Реклама: «Да здравствует победоносная политика сонгун (Армия на первом месте)!» Этот популярный пропагандистский мотив встречается на плакатах, почтовых марках и рекламных щитах.

 

Всего год спустя после смерти Ким Ир Сена его сын дал официальный старт политике сонгун — «Армия на первом месте». В двух словах она заключалась в том, что отныне вооруженные силы Северной Кореи всегда имели приоритет перед другими частями общества при распределении все более скудных ресурсов. Это касалось всего — от денежных субсидий до продовольствия. Тем самым армия стала высшим органом государственной власти и с тех пор удерживает занятую позицию. Ким Чен Ир понимал, что он сам и вся остальная «внутренняя партия» полностью зависят от армии, ведь только она может обеспечить контроль над населением в условиях усугубляющегося кризиса, которому не видно конца.
Во многих отношениях введение политики сонгун было мягкой версией военного переворота, при котором генералам было выгодно сохранить прежнего Вождя в качестве символа, объединяющего нацию и служащего объектом преданности населения. Однако было бы несправедливо утверждать, что Ким Чен Ир начал свое правление, будучи чьей-то марионеткой. И стоявшая за ним партия, и его собственный унаследованный статус по-прежнему оставались важными элементами политического равновесия. Тем не менее совпадение между началом Трудного похода и введением политики сонгун отнюдь не случайно. Напрашивается предположение, что с приходом к власти Ким Чен Ира Северная Корея превратилась в гибридную военную диктатуру, где последнее слово остается за генералами, но правящая партия выполняет роль советника в принятии важных государственных решений, хотя на самом деле все несколько сложнее. Сложившийся в глазах окружающего мира стереотип всемогущего и единовластного диктатора был не так уж далек от истины в случае Ким Ир Сена, не считая последних десяти-двадцати лет его правления, но с тех пор немало воды утекло.

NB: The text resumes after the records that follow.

lemma cyc_phibar_alternating_arc_ge:
  assumes N: "N \<ge> 3" and m: "m \<ge> 1" "a + m \<le> N"
  shows "cyc_phibar N {j\<in>{a..<a + m}. even j} {j\<in>{a..<a + m}. odd j} \<ge> 1 - 1 / real m"
    (is "cyc_phibar N ?A ?B \<ge> _")
proof -
  have U: "?A \<union> ?B = {a..<a + m}" by auto
  have "2 * real (card {a..<a + m - 1}) \<le> cyc_E N ?A ?B + cyc_E N ?B ?A"
    using m by (intro cyc_E_ge_succ_edges_between[OF N]) auto
  then have "2 * (real m - 1) \<le> 2 * cyc_E N ?A ?B"
    using m cyc_E_commute[of N ?B ?A] by (simp add: of_nat_diff)
  then have "2 * (real m - 1) / (2 * real m) \<le> 2 * cyc_E N ?A ?B / (2 * real m)"
    by (intro divide_right_mono) auto
  moreover have "cyc_vol N (?A \<union> ?B) = 2 * real m"
    unfolding U using m by (subst cyc_vol_eq[OF N]) (auto simp: cyc_V_def)
  ultimately show ?thesis using m unfolding cyc_phibar_def by (simp add: field_simps)
qed

lemma cyc_phibar_alternating_even_cycle:
  assumes N: "N \<ge> 3" "even N"
  shows "cyc_phibar N {j\<in>{..<N}. even j} {j\<in>{..<N}. odd j} \<ge> 1"
    (is "cyc_phibar N ?A ?B \<ge> _")
proof -
  have "2 * real (card {..<N}) \<le> cyc_E N ?A ?B + cyc_E N ?B ?A"
    using N by (intro cyc_E_ge_succ_edges_between) (auto simp: Suc_mod_eq)
  moreover have "?A \<union> ?B = cyc_V N" by (auto simp: cyc_V_def)
  then have "cyc_vol N (?A \<union> ?B) = 2 * real N" by (simp add: cyc_vol_eq[OF N(1)] cyc_V_def)
  ultimately show ?thesis
    using N cyc_E_commute[of N ?B ?A] unfolding cyc_phibar_def by simp
qed

lemma Inf_setcompr_eqI:
  fixes f :: "'a \<Rightarrow> 'b::conditionally_complete_linorder"
  assumes "P a" "f a = v" "\<And>x. P x \<Longrightarrow> v \<le> f x"
  shows "Inf {f x | x. P x} = v"
  using assms by (intro cInf_eq_minimum) auto

lemma Sup_setcompr2_eqI:
  fixes f :: "'a \<Rightarrow> 'b \<Rightarrow> 'c::conditionally_complete_linorder"
  assumes "P a b" "f a b = v" "\<And>x y. P x y \<Longrightarrow> f x y \<le> v"
  shows "Sup {f x y | x y. P x y} = v"
  using assms by (intro cSup_eq_maximum) auto

lemma Max_image_lessThan_const: "0 < k \<Longrightarrow> (\<And>i. i < k \<Longrightarrow> f i = c) \<Longrightarrow> Max (f ` {..<k}) = c"
  by (subgoal_tac "f ` {..<k} = {c}") force+

lemma Min_image_lessThan_const: "0 < k \<Longrightarrow> (\<And>i. i < k \<Longrightarrow> f i = c) \<Longrightarrow> Min (f ` {..<k}) = c"
  by (subgoal_tac "f ` {..<k} = {c}") force+

lemma disjoint_family_has_small_proper_member:
  assumes k: "2 \<le> k" and N: "0 < N" and S: "\<forall>i<k. S i \<subseteq> cyc_V N"
    and disj: "\<forall>i<k. \<forall>j<k. i \<noteq> j \<longrightarrow> S i \<inter> S j = {}"
  shows "\<exists>i<k. card (S i) \<le> N div k \<and> S i \<noteq> cyc_V N"
proof -
  have "\<exists>i<k. card (S i) \<le> N div k"
  proof (rule ccontr)
    assume "\<not> ?thesis"
    then have "k * (N div k + 1) \<le> (\<Sum>i<k. card (S i))"
      using sum_mono[of "{..<k}" "\<lambda>_. N div k + 1" "\<lambda>i. card (S i)"] by (simp add: not_le Suc_le_eq)
    also have "\<dots> = card (\<Union>i<k. S i)"
      using S disj by (intro card_UN_disjoint[symmetric]) (auto simp: cyc_V_def finite_subset)
    also have "\<dots> \<le> N"
      using S card_mono[of "{..<N}" "\<Union>i<k. S i"] by (auto simp: cyc_V_def)
    moreover have "N < k * (N div k) + k"
      using k mult_div_mod_eq[of k N] mod_less_divisor[of k N] by linarith
    ultimately show False by (simp add: algebra_simps)
  qed
  moreover have "N div k < card (cyc_V N)" using k N by (simp add: cyc_V_def)
  ultimately show ?thesis by fastforce
qed

lemma equal_arcs_fit:
  fixes k N i :: nat
  assumes "2 \<le> k" "k \<le> N"
  shows "1 \<le> N div k" "N div k < N" "i < k \<Longrightarrow> i * (N div k) + N div k \<le> N"
proof -
  show "1 \<le> N div k" using assms div_le_mono[of k N k] by simp
  show "N div k < N" using assms by simp
  assume "i < k"
  then have "i * (N div k) + N div k \<le> k * (N div k)" by (metis Suc_leI add.commute mult_Suc mult_le_mono1)
  also have "\<dots> \<le> N" by simp
  finally show "i * (N div k) + N div k \<le> N" .
qed

lemma arcs_disjoint:
  fixes m :: nat
  assumes "i \<noteq> j" shows "{i * m..<i * m + m} \<inter> {j * m..<j * m + m} = {}"
proof -
  have below: "i * m + m \<le> j * m" if "i < j" for i j
    using that by (metis Suc_leI add.commute mult_Suc mult_le_mono1)
  from assms consider "i < j" | "j < i" by linarith
  then show ?thesis using below[of i j] below[of j i] by cases auto
qed

lemma cyc_h_1: assumes N: "N \<ge> 3" shows "cyc_h N 1 = 0"
  unfolding cyc_h_def
proof (rule Inf_setcompr_eqI[where a = "\<lambda>_. cyc_V N"])
  show "Max ((\<lambda>i. cyc_phi N ((\<lambda>_. cyc_V N) i)) ` {..<1::nat}) = 0"
    by (simp add: lessThan_Suc cyc_phi_def cyc_E_def)
  show "0 \<le> Max ((\<lambda>i. cyc_phi N (S i)) ` {..<1::nat})" for S
    by (simp add: lessThan_Suc cyc_phi_nonneg)
qed (use N in \<open>auto simp: cyc_V_def lessThan_empty_iff\<close>)

lemma cyc_hbar_1:
  assumes N: "N \<ge> 3"
  shows "cyc_hbar N 1 = (if odd N then 1 - 1 / real N else 1)"
proof -
  define A where "A = {j\<in>{..<N}. even j}"
  define B where "B = {j\<in>{..<N}. odd j}"
  have AB: "A \<subseteq> cyc_V N" "B \<subseteq> cyc_V N" "A \<inter> B = {}" "A \<union> B = cyc_V N"
    by (auto simp: A_def B_def cyc_V_def)
  have "A \<union> B \<noteq> {}" using AB(4) N by (simp add: cyc_V_def lessThan_empty_iff)
  note AB = AB this
  show ?thesis
    unfolding cyc_hbar_def
  proof (rule Sup_setcompr2_eqI[where a = "\<lambda>_. A" and b = "\<lambda>_. B"])
    have "cyc_phibar N A B \<ge> (if odd N then 1 - 1 / real N else 1)"
      using cyc_phibar_alternating_arc_ge[OF N, of N 0] cyc_phibar_alternating_even_cycle[OF N] N
      unfolding A_def B_def by (auto simp: atLeast0LessThan)
    moreover have "cyc_phibar N A B \<le> (if odd N then 1 - 1 / real N else 1)"
      using cyc_phibar_le_one_minus_inverse_card[OF N AB(1-3,5)] cyc_phibar_le_1[OF N AB(1-3,5)] AB(4)
      by (simp add: cyc_V_def)
    ultimately show "Min ((\<lambda>i. cyc_phibar N ((\<lambda>_. A) i) ((\<lambda>_. B) i)) ` {..<1::nat})
                     = (if odd N then 1 - 1 / real N else 1)"
      by (simp add: lessThan_Suc)
  next
    fix A' B' :: "nat \<Rightarrow> nat set"
    assume "(\<forall>i<1. A' i \<subseteq> cyc_V N \<and> B' i \<subseteq> cyc_V N \<and> A' i \<union> B' i \<noteq> {} \<and> A' i \<inter> B' i = {})
      \<and> (\<forall>i<1. \<forall>j<1. i \<noteq> j \<longrightarrow> (A' i \<union> B' i) \<inter> (A' j \<union> B' j) = {})"
    then have AB': "A' 0 \<subseteq> cyc_V N" "B' 0 \<subseteq> cyc_V N" "A' 0 \<inter> B' 0 = {}" "A' 0 \<union> B' 0 \<noteq> {}"
      by auto
    have "card (A' 0 \<union> B' 0) \<le> N"
      using AB' card_mono[of "cyc_V N" "A' 0 \<union> B' 0"] by (simp add: cyc_V_def)
    moreover have "card (A' 0 \<union> B' 0) > 0"
      using AB' by (auto simp: cyc_V_def card_gt_0_iff finite_subset)
    ultimately have "1 - 1 / real (card (A' 0 \<union> B' 0)) \<le> 1 - 1 / real N"
      by (simp add: frac_le)
    then have "cyc_phibar N (A' 0) (B' 0) \<le> (if odd N then 1 - 1 / real N else 1)"
      using cyc_phibar_le_one_minus_inverse_card[OF N AB'] cyc_phibar_le_1[OF N AB'] by auto
    then show "Min ((\<lambda>i. cyc_phibar N (A' i) (B' i)) ` {..<1::nat}) \<le> (if odd N then 1 - 1 / real N else 1)"
      by (simp add: lessThan_Suc)
  qed (use AB(1-3,5) in simp)
qed

lemma cyc_h_eq:
  assumes N: "N \<ge> 3" and k: "2 \<le> k" "k \<le> N"
  shows "cyc_h N k = 1 / real (N div k)"
proof -
  define m where "m = N div k"
  define arc where "arc i = {i * m..<i * m + m}" for i
  have m: "1 \<le> m" "m < N" and fits: "\<And>i. i < k \<Longrightarrow> i * m + m \<le> N"
    using equal_arcs_fit[OF k] unfolding m_def by auto
  have arc_sub: "arc i \<subseteq> cyc_V N" if "i < k" for i
    using fits[OF that] by (auto simp: arc_def cyc_V_def)
  have phi_arc: "cyc_phi N (arc i) = 1 / real m" if "i < k" for i
  proof (rule antisym)
    show "cyc_phi N (arc i) \<le> 1 / real m"
      unfolding arc_def using cyc_phi_arc_le[OF N m(1) fits[OF that]] .
    have card: "card (arc i) = m" by (simp add: arc_def)
    moreover have "arc i \<noteq> {}" using m(1) by (simp add: arc_def)
    moreover have "arc i \<noteq> cyc_V N" using card m(2) by (metis card_lessThan cyc_V_def less_irrefl)
    ultimately show "cyc_phi N (arc i) \<ge> 1 / real m"
      using cyc_phi_ge_inverse_card[OF N arc_sub[OF that]] by simp
  qed
  show ?thesis
    unfolding cyc_h_def
  proof (rule Inf_setcompr_eqI[where a = arc])
    show "Max ((\<lambda>i. cyc_phi N (arc i)) ` {..<k}) = 1 / real (N div k)"
      using k phi_arc by (intro Max_image_lessThan_const) (auto simp: m_def)
    show "(\<forall>i<k. arc i \<noteq> {} \<and> arc i \<subseteq> cyc_V N) \<and> (\<forall>i<k. \<forall>j<k. i \<noteq> j \<longrightarrow> arc i \<inter> arc j = {})"
      using m(1) arc_sub arcs_disjoint[of _ _ m] unfolding arc_def by simp
  next
    fix S
    assume "(\<forall>i<k. S i \<noteq> {} \<and> S i \<subseteq> cyc_V N) \<and> (\<forall>i<k. \<forall>j<k. i \<noteq> j \<longrightarrow> S i \<inter> S j = {})"
    then obtain i where S: "i < k" "S i \<noteq> {}" "S i \<subseteq> cyc_V N" "S i \<noteq> cyc_V N"
      and small: "card (S i) \<le> N div k"
      using disjoint_family_has_small_proper_member[OF k(1), of N S] N by auto
    have "card (S i) > 0" using S by (auto simp: cyc_V_def card_gt_0_iff finite_subset)
    then have "1 / real (N div k) \<le> 1 / real (card (S i))"
      using small by (intro divide_left_mono) auto
    also have "\<dots> \<le> cyc_phi N (S i)" using cyc_phi_ge_inverse_card[OF N S(3,2,4)] .
    also have "\<dots> \<le> Max ((\<lambda>i. cyc_phi N (S i)) ` {..<k})" using S(1) by (intro Max_ge) auto
    finally show "1 / real (N div k) \<le> Max ((\<lambda>i. cyc_phi N (S i)) ` {..<k})" .
  qed
qed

Еще один долгоиграющий миф о Северной Корее гласит, что ее всемогущий единовластный диктатор — непредсказуемый, одержимый бешеной ненавистью к Западу психопат, держащий палец на ядерной кнопке. Расслабьтесь, дорогие читатели, и переведите дыхание. Ким Чен Ын не похож ни на Абу Бакра аль-Багдади, ни на Джокера из фильмов о Бэтмене. С самого основания политического режима КНДР в 1948 году он всегда действовал совершенно логично и предсказуемо, исходя из одной-единственной предпосылки, снова и снова, как во внешней, так и во внутренней политике: выживание любой ценой в краткосрочной и долгосрочной перспективе.

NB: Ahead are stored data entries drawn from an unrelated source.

(* Assume $k=2$, and write $y=y_1$. (1) $r=e-1$ if and only if one of the following holds: (a) $2y\ge c+e$; (b) $2y=(2q+1)e<c+e$ for some integer $q\ge1$, $p\ge2$, and $y\in v(xR:\mathfrak m)$. (2) $r=e-2$ if and only if $2y<c+e$ and, if $2y=(2q+1)e$ for some integer $q$, then $y\notin v(xR:\mathfrak m)$.
   Context: Let $(R,\mathfrak m)$ be a one-dimensional local Noetherian domain with quotient field $K$, not regular, analytically irreducible (the integral closure $\overline R$ of $R$ in $K$ is a DVR and a finite $R$-module) and residually rational. Let $v$ be the valuation of $\overline R$ normalized so a uniformizer $t$ has value 1, $v(R)=\{v(a):a\in R\setminus\{0\}\}$, $\mathfrak C=(R:_K\overline R)=t^c\overline R$ with $c$ the least element of $v(R)$ with $c+\mathbb N\subseteq v(R)$, $r=\ell_R((R:_K\mathfrak m)/R)$, $e$ the least positive element of $v(R)$. Let $x\in\mathfrak m$ with $v(x)=e$, $k=\ell_R(R/(\mathfrak C+xR))$, $(xR:\mathfrak m)=\{a\in K:a\mathfrak m\subseteq xR\}$ (an ideal of $R$) with value set $v(xR:\mathfrak m)$. Let $p$ be the integer with $c-e\le pe<c$. When $k=2$, $y_1$ is the unique $y\in v(R)$ with $0<y<c$ and $y-e\notin v(R)$ (the unique nonzero element of $v(R)\setminus v(\mathfrak C+xR)$). *)

theory Defs
  imports "HOL-Library.Extended_Nat"
begin

text \<open>The ambient type 'a (a field) plays the role of the quotient field K.\<close>

definition subring :: "'a::field set \<Rightarrow> bool" where
  "subring R \<longleftrightarrow> 0 \<in> R \<and> 1 \<in> R \<and> (\<forall>a\<in>R. \<forall>b\<in>R. a + b \<in> R \<and> a * b \<in> R \<and> - a \<in> R)"

definition submod :: "'a::field set \<Rightarrow> 'a set \<Rightarrow> bool" where
  "submod R M \<longleftrightarrow> 0 \<in> M \<and> (\<forall>a\<in>M. \<forall>b\<in>M. a + b \<in> M) \<and> (\<forall>r\<in>R. \<forall>a\<in>M. r * a \<in> M)"

definition ideal :: "'a::field set \<Rightarrow> 'a set \<Rightarrow> bool" where
  "ideal R I \<longleftrightarrow> I \<subseteq> R \<and> submod R I"

definition prime_ideal :: "'a::field set \<Rightarrow> 'a set \<Rightarrow> bool" where
  "prime_ideal R P \<longleftrightarrow> ideal R P \<and> P \<noteq> R \<and> (\<forall>a\<in>R. \<forall>b\<in>R. a * b \<in> P \<longrightarrow> a \<in> P \<or> b \<in> P)"

definition lin_comb :: "'a::field set \<Rightarrow> 'a set \<Rightarrow> 'a set" where
  "lin_comb R B = {\<Sum>b\<in>B. f b * b | f. \<forall>b\<in>B. f b \<in> R}"

definition fin_gen :: "'a::field set \<Rightarrow> 'a set \<Rightarrow> bool" where
  "fin_gen R M \<longleftrightarrow> (\<exists>B. finite B \<and> B \<subseteq> M \<and> M = lin_comb R B)"

definition noetherian :: "'a::field set \<Rightarrow> bool" where
  "noetherian R \<longleftrightarrow> (\<forall>I. ideal R I \<longrightarrow> fin_gen R I)"

definition nonunits :: "'a::field set \<Rightarrow> 'a set" where
  "nonunits R = {a \<in> R. \<not> (\<exists>b\<in>R. a * b = 1)}"

definition local_ring :: "'a::field set \<Rightarrow> bool" where
  "local_ring R \<longleftrightarrow> ideal R (nonunits R)"

text \<open>Krull dimension one (for a local domain): the prime ideals are exactly 0 and m, and m \<noteq> 0.\<close>
definition dim_one :: "'a::field set \<Rightarrow> bool" where
  "dim_one R \<longleftrightarrow> nonunits R \<noteq> {0} \<and> (\<forall>P. prime_ideal R P \<longrightarrow> P = {0} \<or> P = nonunits R)"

В последние годы в стране все больше распространяется подобная пропаганда. «Удержим экономический прогресс эпохи сонгун на твердом курсе, утвердимся в нашей независимости и предотвратим войну благодаря устрашающей силе нашего оружия!»

 

Северная Корея дважды чудом возвращалась практически с того света. Первый раз был во время Корейской войны, когда униженный Ким Ир Сен в последний момент был спасен от верного поражения китайскими войсками, второй раз — во время Трудного похода.

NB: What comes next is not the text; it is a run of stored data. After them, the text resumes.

lemma sum_half_power_abs:
  "(\<Sum>a\<in>{-int n..int n}. (1 / 2 :: real) ^ nat \<bar>a\<bar>) = 3 - 2 * (1 / 2) ^ n"
proof (induction n)
  case (Suc n)
  have "{-int (Suc n)..int (Suc n)} = insert (- int (Suc n)) (insert (int (Suc n)) {-int n..int n})"
    by auto
  moreover have "nat (int n + 1) = Suc n" "nat (1 + int n) = Suc n"
    by auto
  ultimately show ?case
    using Suc by simp
qed simp

definition gauss_int_weight :: "int \<times> int \<Rightarrow> nat" where
  "gauss_int_weight q = nat \<bar>fst q\<bar> + nat \<bar>snd q\<bar>"

lemma sum_half_power_gauss_int_weight_le:
  "(\<Sum>q\<in>{-int R..int R} \<times> {-int R..int R}. (1 / 2 :: real) ^ gauss_int_weight q) \<le> 9"
proof -
  have "(\<Sum>q\<in>{-int R..int R} \<times> {-int R..int R}. (1 / 2 :: real) ^ gauss_int_weight q)
      = (3 - 2 * (1 / 2) ^ R) * (3 - 2 * (1 / 2) ^ R)"
    unfolding sum_half_power_abs[symmetric] sum_product sum.cartesian_product
    by (simp add: gauss_int_weight_def power_add case_prod_beta)
  also have "\<dots> \<le> 3 * 3"
    using power_le_one[of "1 / 2 :: real" R] by (intro mult_mono) auto
  finally show ?thesis
    by simp
qed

Всякий раз политический режим с трудом выкарабкивался из ямы, применяя действенную комбинацию из кнута и пряника в виде всеобщей мобилизации , призывов к чувствам национального единства и патриотизма, восхваления героев и запугивания остальных, а также безжалостных наказаний за непослушание и политическое диссидентство. Всякий раз политическое руководство страны утверждалось в представлении, что Северная Корея со всех сторон окружена врагами. Эта идея всеми средствами вбивалась в головы народа — наряду с идеей о том, что только текущий политический режим в лице династии Ким может защитить северокорейцев от полного истребления. Для этого нужны люди в форме, много людей в форме!
Пехота
Военная карьера — к примеру, отец Мистера Вина был полковником — это, пожалуй, самая политически правильная и престижная судьба, какую можно пожелать для своих детей в Северной Корее. Социальный статус военных и политика сонгун гарантируют достойный уровень жизни для солдат, проходящих срочную службу, и серьезные привилегии и влияние для высших офицеров. Повсюду можно увидеть людей в характерной коричневатой (похожей на советскую) униформе Корейской народной армии, а также в чуть более скромной униформе Рабоче-крестьянской Красной гвардии, то есть народного ополчения, чьи узнаваемые береты в стиле Мао отличают их от регулярных войск. Точная статистика — табу в случаях, когда имеется конфликт мнений, но, по приблизительным оценкам, постоянная численность КНА составляет около 1 100 000 солдат, и независимые западные источники — например, журнал Jane’s Defence Weekly — заявляют, что численность запаса и разных «околовоенных» структур, включая народное ополчение, достигает еще 8,5 миллиона. То есть в сумме это почти половина всего северокорейского населения. Но с одной оговоркой. Не только размер имеет значение.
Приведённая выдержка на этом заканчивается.